You shouldn’t have to choose between being a fireman, a horse-rider, a truck driver and spiderman. You can do all of them. A fireman that knows trucks and can climb like spiderman would be an asset to the profession.

Why are we made to specialize? You can study law OR politics OR finance OR psychology OR art OR drama OR accounting…and most students pick fairly randomly because who knows what they want to do at 18 years old? And many people stay stuck in a field because it’s expensive and time consuming to change direction. Yes, there are certainly some issues with the concept of the Renaissance Man (or woman). One could argue that if you have serfs running your farmlands then of course you’d have time to learn archery and how to write poetry. I don’t want to get into that debate. I just want to make the point that it’s time to stop separating disciplines so rigidly.  The world is calling for multi-disciplinary thinkers – not just people trained in engineering or economics or law or biology. All of the above.

We should all be studying lots of different things and bringing the diversity of that knowledge and those skills to all we do.

I love the fact there’s a growing trend towards multi-disciplinary thinking all over the world. I’m so inspired by the stuff I’ve been reading by Ken Wilber, Peter Senge, Joseph Jaworksi, Betty-Sue Flowers, Richard Barrett, Prof Henry Mintzberg.

Here’s just one example of the trend in this article I found through twitter (tweeted by the Graduate School of Business of the University of Cape Town).
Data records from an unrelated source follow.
lemma steiner_dist_ge_card_minus_1:
  assumes "connected_graph V E" "S \<subseteq> V"
  shows "card S - 1 \<le> steiner_dist V E S"
proof -
  obtain W F where "W \<subseteq> V" "connected_graph W F" "S \<subseteq> W" "card F = steiner_dist V E S"
    using steiner_dist_attained[OF assms] .
  moreover from this have "card S \<le> card W"
    by (meson card_mono connected_graph_def simple_graph_def)
  ultimately show ?thesis using connected_graph_card_le by fastforce
qed

lemma steiner_dist_le_common_neighbour:
  assumes "finite V" "c \<in> V" "S \<subseteq> V" "\<forall>s\<in>S - {c}. {c, s} \<in> E"
  shows "steiner_dist V E S \<le> card (insert c S) - 1"
proof -
  have "finite (insert c S)" using assms finite_subset by blast
  moreover have "star_edges c (insert c S) \<subseteq> E" using assms(4) unfolding star_edges_def by auto
  ultimately show ?thesis
    using steiner_dist_le[of "insert c S"] assms(2,3)
    by (metis card_star_edges connected_graph_star_edges insert_subset insertI1 subset_insertI)
qed

lemma steiner_dist_dominated:
  assumes "connected_graph V E" "c \<in> S" "S \<subseteq> V" "\<forall>s\<in>S - {c}. {c, s} \<in> E"
  shows "steiner_dist V E S = card S - 1"
  using steiner_dist_le_common_neighbour[of V c S E] steiner_dist_ge_card_minus_1[of V E S] assms
  by (auto simp: connected_graph_def simple_graph_def insert_absorb)

lemma steiner_dist_ge_isolated:
  assumes "connected_graph V E" "S \<subseteq> V" "2 \<le> card S" "m \<in> S" "\<forall>s\<in>S. {m, s} \<notin> E"
  shows "card S \<le> steiner_dist V E S"
proof (rule ccontr)
  assume short: "\<not> card S \<le> steiner_dist V E S"
  obtain W F where WF: "F \<subseteq> E" "connected_graph W F" "S \<subseteq> W" "card F = steiner_dist V E S"
    using steiner_dist_attained[OF assms(1,2)] .
  have "finite W" using WF(2) unfolding connected_graph_def simple_graph_def by simp
  moreover have "card W \<le> card S" using connected_graph_card_le[OF WF(2)] WF(4) short by linarith
  ultimately have "W = S" using WF(3) card_seteq by blast
  have "S - {m} \<noteq> {}" using assms(3,4) card_Diff_singleton[of m S] by fastforce
  then obtain u where "u \<in> S" "u \<noteq> m" by blast
  then have "(m, u) \<in> (adj_rel F)\<^sup>*" using WF(2) \<open>W = S\<close> assms(4) unfolding connected_graph_def by blast
  with \<open>u \<noteq> m\<close> obtain y where "(m, y) \<in> adj_rel F" by (metis converse_rtranclE)
  then have "{m, y} \<in> F" "y \<in> W"
    using WF(2) unfolding adj_rel_def connected_graph_def simple_graph_def by (auto simp: doubleton_eq_iff)
  with WF(1) \<open>W = S\<close> assms(5) show False by blast
qed

definition hub_star_E :: "nat \<Rightarrow> nat set \<Rightarrow> nat set set" where
  "hub_star_E n H = {{i, j} | i j. i < j \<and> j < n \<and> (i = 0 \<or> j \<in> H)}"

lemma doubleton_mem_hub_star_E:
  assumes "i < j"
  shows "{i, j} \<in> hub_star_E n H \<longleftrightarrow> j < n \<and> (i = 0 \<or> j \<in> H)"
    and "{j, i} \<in> hub_star_E n H \<longleftrightarrow> j < n \<and> (i = 0 \<or> j \<in> H)"
  using assms unfolding hub_star_E_def by (auto simp: doubleton_eq_iff)

lemma singleton_notin_hub_star_E: "{i} \<notin> hub_star_E n H"
  unfolding hub_star_E_def by (auto simp: doubleton_eq_iff)

lemma star_E_eq_hub_star_E: "star_E n = hub_star_E n {}"
  unfolding star_E_def hub_star_E_def by fastforce

lemma connected_graph_hub_star:
  assumes "1 \<le> n"
  shows "connected_graph {0..<n} (hub_star_E n H)"
proof -
  have star: "connected_graph {0..<n} (star_edges 0 {0..<n})"
    using assms by (intro connected_graph_star_edges) auto
  have "star_edges 0 {0..<n} \<subseteq> hub_star_E n H"
  proof
    fix e assume "e \<in> star_edges 0 {0..<n}"
    then obtain s where "s \<in> {0..<n} - {0}" "e = {0, s}" unfolding star_edges_def by blast
    then show "e \<in> hub_star_E n H" by (simp add: doubleton_mem_hub_star_E)
  qed
  moreover have "simple_graph {0..<n} (hub_star_E n H)"
  proof -
    have "\<exists>u v. u \<noteq> v \<and> u \<in> {0..<n} \<and> v \<in> {0..<n} \<and> e = {u, v}"
      if e: "e \<in> hub_star_E n H" for e
    proof -
      obtain i j where "i < j" "j < n" "e = {i, j}" using e unfolding hub_star_E_def by blast
      then show ?thesis by (intro exI[of _ i] exI[of _ j]) simp
    qed
    then show ?thesis by (simp add: simple_graph_def)
  qed
  ultimately show ?thesis by (rule connected_graph_mono_edges[OF star])
qed

lemma steiner_dist_hub_star:
  assumes S: "S \<subseteq> {0..<n}" "2 \<le> card S"
  shows "steiner_dist {0..<n} (hub_star_E n H) S = (if 0 \<in> S \<or> Max S \<in> H then card S - 1 else card S)"
proof -
  have fS: "finite S" and "S \<noteq> {}" using S rev_finite_subset[of "{0..<n}" S] by auto
  then have max: "Max S \<in> S" "\<And>s. s \<in> S \<Longrightarrow> s \<le> Max S" by auto
  then have "1 \<le> n" using S(1) by auto
  note conn = connected_graph_hub_star[OF this, of H]
  show ?thesis
  proof (cases "0 \<in> S")
    case True
    then show ?thesis using S max
      by (subst steiner_dist_dominated[OF conn True]) (auto simp: doubleton_mem_hub_star_E)
  next
    case no_zero: False
    show ?thesis
    proof (cases "Max S \<in> H")
      case True
      have "{Max S, s} \<in> hub_star_E n H" if "s \<in> S - {Max S}" for s
      proof -
        have "s < Max S" "Max S < n" using that max S(1) by fastforce+
        with True show ?thesis by (simp add: doubleton_mem_hub_star_E)
      qed
      then have "steiner_dist {0..<n} (hub_star_E n H) S = card S - 1"
        by (intro steiner_dist_dominated[OF conn max(1) S(1)]) blast
      with True show ?thesis by simp
    next
      case False
      have "{Max S, s} \<notin> hub_star_E n H" if "s \<in> S" for s
      proof (cases "s = Max S")
        case True
        then show ?thesis using singleton_notin_hub_star_E by simp
      next
        case s_below: False
        then have "s < Max S" using max(2)[OF that] by linarith
        moreover have "s \<noteq> 0" using that no_zero by metis
        ultimately show ?thesis using False by (simp add: doubleton_mem_hub_star_E)
      qed
      then have "card S \<le> steiner_dist {0..<n} (hub_star_E n H) S"
        using steiner_dist_ge_isolated[OF conn S max(1)] by blast
      moreover have "steiner_dist {0..<n} (hub_star_E n H) S \<le> card (insert 0 S) - 1"
        using S(1) \<open>1 \<le> n\<close>
        by (intro steiner_dist_le_common_neighbour) (auto simp: doubleton_mem_hub_star_E)
      ultimately show ?thesis using no_zero False fS by simp
    qed
  qed
qed

lemma SW_hub_star:
  assumes "2 \<le> k"
  shows "SW k {0..<n} (hub_star_E n H) + card {S. S \<subseteq> {0..<n} \<and> card S = k \<and> (0 \<in> S \<or> Max S \<in> H)}
    = k * (n choose k)"
proof -
  define K where "K = {S. S \<subseteq> {0..<n} \<and> card S = k}"
  define dominated where "dominated S \<longleftrightarrow> 0 \<in> S \<or> Max S \<in> H" for S
  have "finite K" unfolding K_def by simp
  have "SW k {0..<n} (hub_star_E n H) = (\<Sum>S\<in>K. if dominated S then k - 1 else k)"
    unfolding SW_def K_def dominated_def using assms by (intro sum.cong) (auto simp: steiner_dist_hub_star)
  moreover have "card {S \<in> K. dominated S} = (\<Sum>S\<in>K. if dominated S then 1 else 0)"
    unfolding card_eq_sum using \<open>finite K\<close> by (rule sum.inter_filter)
  moreover have "(\<Sum>S\<in>K. (if dominated S then k - 1 else k) + (if dominated S then 1 else 0)) = (\<Sum>S\<in>K. k)"
    using assms by (intro sum.cong) auto
  moreover have "card K = n choose k" unfolding K_def using n_subsets[of "{0..<n}" k] by simp
  moreover have "{S. S \<subseteq> {0..<n} \<and> card S = k \<and> (0 \<in> S \<or> Max S \<in> H)} = {S \<in> K. dominated S}"
    unfolding K_def dominated_def by blast
  ultimately show ?thesis by (simp add: sum.distrib mult.commute)
qed

lemma card_subsets_containing:
  assumes "finite T" "x \<notin> T"
  shows "card {S. S \<subseteq> insert x T \<and> card S = Suc j \<and> x \<in> S} = card T choose j"
proof -
  have "{S. S \<subseteq> insert x T \<and> card S = Suc j \<and> x \<in> S} = insert x ` {S. S \<subseteq> T \<and> card S = j}"
  proof (rule set_eqI, rule iffI)
    fix S assume S: "S \<in> {S. S \<subseteq> insert x T \<and> card S = Suc j \<and> x \<in> S}"
    then have "S - {x} \<subseteq> T" "card (S - {x}) = j" by (auto simp: card_Diff_singleton)
    then have "S - {x} \<in> {S. S \<subseteq> T \<and> card S = j}" by blast
    moreover have "S = insert x (S - {x})" using S by auto
    ultimately show "S \<in> insert x ` {S. S \<subseteq> T \<and> card S = j}" by blast
  next
    fix S assume "S \<in> insert x ` {S. S \<subseteq> T \<and> card S = j}"
    then obtain S' where "S' \<subseteq> T" "card S' = j" "S = insert x S'" by blast
    moreover from this have "finite S'" "x \<notin> S'" using assms finite_subset by blast+
    ultimately show "S \<in> {S. S \<subseteq> insert x T \<and> card S = Suc j \<and> x \<in> S}" by auto
  qed
  moreover have "inj_on (insert x) {S. S \<subseteq> T \<and> card S = j}"
    using assms(2) by (auto simp: inj_on_def insert_ident)
  ultimately show ?thesis using n_subsets[OF assms(1)] by (simp add: card_image)
qed
text \<open>The pseudoinverse is \<open>G \<circ> A\<^sup>T\<close>, where \<open>G\<close> inverts \<open>A\<^sup>T A\<close> on the range of \<open>A\<^sup>T\<close>.\<close>

lemma penrose_exists:
  fixes A :: "real^'n^'m"
  shows "\<exists>B. penrose A B"
proof -
  let ?At = "transpose A"
  let ?K = "range ((*v) ?At)"
  have span_K: "span ?K = ?K"
    by (simp add: linear_subspace_image[OF matrix_vector_mul_linear subspace_UNIV])
  have "linear (\<lambda>v. ?At *v (A *v v))"
    by (simp add: matrix_vector_mul_assoc)
  then have "\<exists>G. range G \<subseteq> span ?K \<and> linear G \<and> (\<forall>v\<in>span ?K. G (?At *v (A *v v)) = v)"
    by (rule linear_inj_on_left_inverse) (simp only: span_K gram_inj_on_range_transpose)
  then obtain G where G_K: "\<And>y. G y \<in> ?K" and lin_G: "linear G"
      and G_inv: "\<And>v. v \<in> ?K \<Longrightarrow> G (?At *v (A *v v)) = v"
    unfolding span_K by blast
  define B where "B = matrix (\<lambda>y. G (?At *v y))"
  have "linear (\<lambda>y. G (?At *v y))"
    using linear_compose[OF matrix_vector_mul_linear lin_G] by (simp add: o_def)
  then have Bv: "B *v y = G (?At *v y)" for y
    by (simp add: B_def matrix_works)
  have B_K: "B *v y \<in> ?K" for y
    by (simp only: Bv G_K)
  have gram_B: "?At *v (A *v (B *v y)) = ?At *v y" for y
  proof -
    obtain v where "?At *v y = ?At *v (A *v (?At *v v))"
      by (rule range_transpose_gram_preimage)
    then show ?thesis by (simp add: Bv G_inv)
  qed
  have ABA: "A *v (B *v (A *v x)) = A *v x" for x
    using transpose_mult_self_eq_0[of A "B *v (A *v x) - x"] gram_B[of "A *v x"]
    by (simp add: matrix_vector_mult_diff_distrib)
  have BAB: "B *v (A *v (B *v y)) = B *v y" for y
    by (subst Bv) (rule G_inv[OF B_K])
  have AB_sym: "(A *v (B *v u)) \<bullet> v = (A *v (B *v u)) \<bullet> (A *v (B *v v))" for u v
  proof -
    have "(A *v (B *v u)) \<bullet> v = (B *v u) \<bullet> (?At *v v)"
      by (rule inner_matrix_vector_transpose)
    also have "\<dots> = (B *v u) \<bullet> (?At *v (A *v (B *v v)))"
      by (simp only: gram_B)
    finally show ?thesis
      by (simp only: inner_matrix_vector_transpose)
  qed
  have BA_sym: "(B *v (A *v u)) \<bullet> v = (B *v (A *v u)) \<bullet> (B *v (A *v v))" for u v
  proof -
    have "A *v (v - B *v (A *v v)) = 0"
      by (simp add: ABA matrix_vector_mult_diff_distrib)
    moreover obtain w where "B *v (A *v u) = ?At *v w"
      using B_K by blast
    ultimately have "(v - B *v (A *v v)) \<bullet> (B *v (A *v u)) = 0"
      by (simp add: kernel_orthogonal_range_transpose)
    then show ?thesis by (simp add: inner_diff inner_commute)
  qed
  have "penrose A B"
  proof (rule penroseI)
    show "(A *v (B *v u)) \<bullet> v = u \<bullet> (A *v (B *v v))" for u v
      using AB_sym[of u v] AB_sym[of v u] by (simp add: inner_commute)
    show "(B *v (A *v u)) \<bullet> v = u \<bullet> (B *v (A *v v))" for u v
      using BA_sym[of u v] BA_sym[of v u] by (simp add: inner_commute)
  qed (simp_all add: ABA BAB)
  then show ?thesis ..
qed
lemma tv_dist_otimes_filter_step_le:
  assumes Q: "doeblin_bounds c1 c2 Q" and c1: "0 < c1"
    and Q': "\<And>y x. 0 < Q' y x" and close: "\<And>y x. \<bar>Q' y x - Q y x\<bar> \<le> r * Q y x"
    and mu: "\<And>x. 0 < mu x" and nu: "\<And>x. 0 < nu x" and w: "\<And>x. 0 < w x"
  shows "tv_dist (otimes (filter_step Q mu) w) (otimes (filter_step Q' nu) w)
    \<le> (1 - c1 / c2) * tv_dist (otimes mu (kernel_apply Q w)) (otimes nu (kernel_apply Q w)) + r"
proof -
  have Qpos: "0 < Q y x" for y x
    using Q c1 by (rule doeblin_bounds_pos)
  have "tv_dist (otimes (filter_step Q mu) w) (otimes (filter_step Q nu) w)
      \<le> (1 - c1 / c2) * tv_dist (otimes mu (kernel_apply Q w)) (otimes nu (kernel_apply Q w))"
    using Q c1 mu nu w by (rule tv_dist_filter_step_contraction)
  moreover have "tv_dist (otimes (filter_step Q nu) w) (otimes (filter_step Q' nu) w) \<le> r"
    using nu w Qpos Q' close by (rule tv_dist_filter_step_perturbation)
  ultimately show ?thesis
    using tv_dist_triangle[of "otimes (filter_step Q mu) w" "otimes (filter_step Q' nu) w"
        "otimes (filter_step Q nu) w"]
    by linarith
qed

text \<open>The perturbation r injected at every step is damped geometrically and accumulates to at
  most r * \<Sum>k. (1 - c1/c2)^k = r * c2/c1.  The induction has to range over all weights w,
  because each contraction step replaces w by its backward-propagated version.\<close>

lemma tv_dist_otimes_filter_chain:
  fixes Q Q' :: "int \<Rightarrow> 'x::finite \<Rightarrow> 'x \<Rightarrow> real" and p p' :: "int \<Rightarrow> 'x \<Rightarrow> real"
  assumes "m \<le> n"
    and p: "\<And>t x. m \<le> t \<Longrightarrow> t \<le> n \<Longrightarrow> 0 < p t x"
    and p': "\<And>t x. m \<le> t \<Longrightarrow> t \<le> n \<Longrightarrow> 0 < p' t x"
    and forward: "\<And>t. m < t \<Longrightarrow> t \<le> n \<Longrightarrow> p t = filter_step (Q t) (p (t - 1))"
    and forward': "\<And>t. m < t \<Longrightarrow> t \<le> n \<Longrightarrow> p' t = filter_step (Q' t) (p' (t - 1))"
    and doeblin: "\<And>t. m < t \<Longrightarrow> t \<le> n \<Longrightarrow> doeblin_bounds c1 c2 (Q t)"
    and Q': "\<And>t y x. m < t \<Longrightarrow> t \<le> n \<Longrightarrow> 0 < Q' t y x"
    and close: "\<And>t y x. m < t \<Longrightarrow> t \<le> n \<Longrightarrow> \<bar>Q' t y x - Q t y x\<bar> \<le> r * Q t y x"
    and c1: "0 < c1" and c12: "c1 \<le> c2" and r: "0 \<le> r" and w: "\<And>x. 0 < w x"
  shows "tv_dist (otimes (p n) w) (otimes (p' n) w) \<le> (1 - c1 / c2) ^ nat (n - m) + r * (c2 / c1)"
proof -
  define d where "d = 1 - c1 / c2"
  have d: "0 \<le> d" and accumulate: "d * (c2 / c1) + 1 = c2 / c1"
    using c1 c12 by (simp_all add: d_def field_simps)
  have "tv_dist (otimes (p t) w) (otimes (p' t) w) \<le> d ^ nat (t - m) + r * (c2 / c1)"
    if "m \<le> t" "t \<le> n" "\<And>x. 0 < w x" for t w
    using that
  proof (induction t arbitrary: w rule: int_ge_induct[consumes 1])
    case base
    have "tv_dist (otimes (p m) w) (otimes (p' m) w) \<le> 1"
      using base p p' \<open>m \<le> n\<close> by (intro tv_dist_le_one is_prob_otimes) auto
    moreover have "0 \<le> r * (c2 / c1)"
      using r c1 c12 by simp
    ultimately show ?case
      by simp
  next
    case (step t)
    let ?Q = "Q (t + 1)" and ?Q' = "Q' (t + 1)"
    have Q: "doeblin_bounds c1 c2 ?Q"
      using step.hyps step.prems by (intro doeblin) auto
    have w': "0 < kernel_apply ?Q w y" for y
      by (intro kernel_apply_pos doeblin_bounds_pos[OF Q c1] step.prems(2))
    have succ: "nat (t + 1 - m) = Suc (nat (t - m))"
      using step.hyps by simp
    have "tv_dist (otimes (p (t + 1)) w) (otimes (p' (t + 1)) w)
        = tv_dist (otimes (filter_step ?Q (p t)) w) (otimes (filter_step ?Q' (p' t)) w)"
      using step.hyps step.prems by (simp add: forward forward')
    also have "\<dots> \<le> d * tv_dist (otimes (p t) (kernel_apply ?Q w)) (otimes (p' t) (kernel_apply ?Q w)) + r"
      unfolding d_def using step.hyps step.prems
      by (intro tv_dist_otimes_filter_step_le Q c1 Q' close p p') auto
    also have "\<dots> \<le> d * (d ^ nat (t - m) + r * (c2 / c1)) + r"
      using step.IH[OF _ w'] step.prems d by (intro add_right_mono mult_left_mono) auto
    also have "\<dots> = d ^ nat (t + 1 - m) + r * (d * (c2 / c1) + 1)"
      unfolding succ by (simp add: algebra_simps)
    also have "\<dots> = d ^ nat (t + 1 - m) + r * (c2 / c1)"
      unfolding accumulate ..
    finally show ?case .
  qed
  then show ?thesis
    using \<open>m \<le> n\<close> w unfolding d_def by blast
qed

section \<open>Lipschitz bounds for continuously differentiable functions\<close>

lemma C1_on_const: "C1_on T (\<lambda>x. c)"
  unfolding C1_on_def
  by (rule exI[of _ "\<lambda>_. 0"]) (simp add: zero_blinfun.rep_eq)

lemma C1_on_mult:
  assumes "C1_on T f" "C1_on T g"
  shows "C1_on T (\<lambda>x. f x * g x)"
proof -
  obtain Df where Df: "\<And>x. x \<in> T \<Longrightarrow> (f has_derivative blinfun_apply (Df x)) (at x)" "continuous_on T Df"
    using assms(1) unfolding C1_on_def by blast
  obtain Dg where Dg: "\<And>x. x \<in> T \<Longrightarrow> (g has_derivative blinfun_apply (Dg x)) (at x)" "continuous_on T Dg"
    using assms(2) unfolding C1_on_def by blast
  have "continuous_on T f" "continuous_on T g"
    using Df(1) Dg(1) by (auto intro!: continuous_at_imp_continuous_on has_derivative_continuous)
  show ?thesis
    unfolding C1_on_def
  proof (intro exI conjI ballI)
    show "continuous_on T (\<lambda>x. f x *\<^sub>R Dg x + g x *\<^sub>R Df x)"
      using \<open>continuous_on T f\<close> \<open>continuous_on T g\<close> Df(2) Dg(2) by (intro continuous_intros)
    show "((\<lambda>x. f x * g x) has_derivative blinfun_apply (f x *\<^sub>R Dg x + g x *\<^sub>R Df x)) (at x)"
      if "x \<in> T" for x
      using has_derivative_mult[OF Df(1)[OF that] Dg(1)[OF that]]
      by (rule has_derivative_eq_rhs) (simp add: fun_eq_iff plus_blinfun.rep_eq scaleR_blinfun.rep_eq)
  qed
qed

lemma C1_on_lipschitz_on:
  assumes f: "C1_on T f" and K: "K \<subseteq> T" "compact K" "convex K"
  obtains L where "L-lipschitz_on K f"
proof -
  obtain D where D: "\<And>x. x \<in> T \<Longrightarrow> (f has_derivative blinfun_apply (D x)) (at x)" "continuous_on T D"
    using f unfolding C1_on_def by blast
  have "bounded (D ` K)"
    using K by (intro compact_imp_bounded compact_continuous_image continuous_on_subset[OF D(2)])
  then obtain B where B: "0 < B" "\<And>x. x \<in> K \<Longrightarrow> norm (D x) \<le> B"
    unfolding bounded_pos by blast
  have "B-lipschitz_on K f"
    using K B D(1)
    by (intro bounded_derivative_imp_lipschitz[where f' = "\<lambda>x. blinfun_apply (D x)"])
      (auto intro: has_derivative_at_withinI simp: norm_blinfun.rep_eq[symmetric])
  then show ?thesis ..
qed

lemma lipschitz_on_finite_family:
  fixes f :: "'i::finite \<Rightarrow> 'a::metric_space \<Rightarrow> 'b::metric_space"
  assumes "\<And>i. \<exists>L. L-lipschitz_on K (f i)"
  obtains C where "\<And>i. C-lipschitz_on K (f i)"
proof -
  obtain M where M: "\<And>i. (M i)-lipschitz_on K (f i)"
    using assms by metis
  have "(Max (range M))-lipschitz_on K (f i)" for i
    using M by (rule lipschitz_on_mono) simp_all
  then show ?thesis ..
qed

lemma dist_le_Inf_lipschitz_constants:
  fixes f :: "'i \<Rightarrow> 'a::metric_space \<Rightarrow> 'b::metric_space"
  assumes "\<exists>L. \<forall>i. L-lipschitz_on S (f i)" "x \<in> S" "y \<in> S"
  shows "dist (f i x) (f i y) \<le> Inf {L. \<forall>i. L-lipschitz_on S (f i)} * dist x y"
proof (cases "x = y")
  case False
  then have xy: "0 < dist x y"
    by simp
  have "dist (f i x) (f i y) / dist x y \<le> Inf {L. \<forall>i. L-lipschitz_on S (f i)}"
    using assms xy by (intro cInf_greatest) (auto dest: lipschitz_onD simp: pos_divide_le_eq)
  then show ?thesis
    using xy by (simp add: pos_divide_le_eq)
qed simp

section \<open>The transition kernel of the option model\<close>

definition hkernel ::
  "('o::finite \<Rightarrow> 's \<Rightarrow> 'h \<Rightarrow> real) \<Rightarrow> ('a \<Rightarrow> 's \<Rightarrow> 'o \<Rightarrow> 'l \<Rightarrow> real) \<Rightarrow>
   (bool \<Rightarrow> 's \<Rightarrow> 'o \<Rightarrow> 'b \<Rightarrow> real) \<Rightarrow> real \<Rightarrow> ('h,'l,'b) param \<Rightarrow> 's \<Rightarrow> 'a \<Rightarrow>
   'o \<times> bool \<Rightarrow> 'o \<times> bool \<Rightarrow> real" where
  "hkernel pihi pilo pib zeta th st ac =
     (\<lambda>y x. hfun pihi pilo pib zeta th (fst y) st ac (fst x) (snd x))"

lemma fwd_eq_filter_step:
  "fwd pihi pilo pib zeta s a th t phi = filter_step (hkernel pihi pilo pib zeta th (s t) (a t)) phi"
  unfolding fwd_def filter_step_def hkernel_def
  by (rule arg_cong[where f = normalize]) (auto simp: split_beta mult.commute intro!: sum.cong)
It’s by Ken Starkey, professor of management and organisational learning at Nottingham University Business School. You can read the whole article here:

Encouraging this type of leadership requires us to integrate management and education best practice, eastern and western philosophy, psychology, the arts and humanities, systems thinking, action and narrative inquiry, story-telling, life histories, scenario planning, management learning and personal development.

Our overarching goal should be to facilitate the creation of more humane, more inclusive narratives of self, business and society that acknowledge that the social responsibility of business is much more than just increasing its profits.

I’m a lawyer and a lecturer and a writer and a consultant in organisational consciousness and a counsellor and a philanthropist and a blogger and a mountainbiker and a wannabe triathlete. And that’s just today. 

It doesn’t matter what you do, just try new things and you will develop new skills and new perspectives. My friend who’s a trauma surgeon is an excellent chef  – she can cook a 5 course dinner for 20 without breaking a bead of sweat. Why? Because remaining aware of a timeline and focusing on 10 things simultaneously, all of them critical, is what she is trained to do. Surgery helps her cook and her cooking probably helps her surgery!

Tending plants might make you a more patient maths teacher.

Mountainbiking helped me become a more decisive lawyer.

The world’s your oyster.  Why not try scuba diving?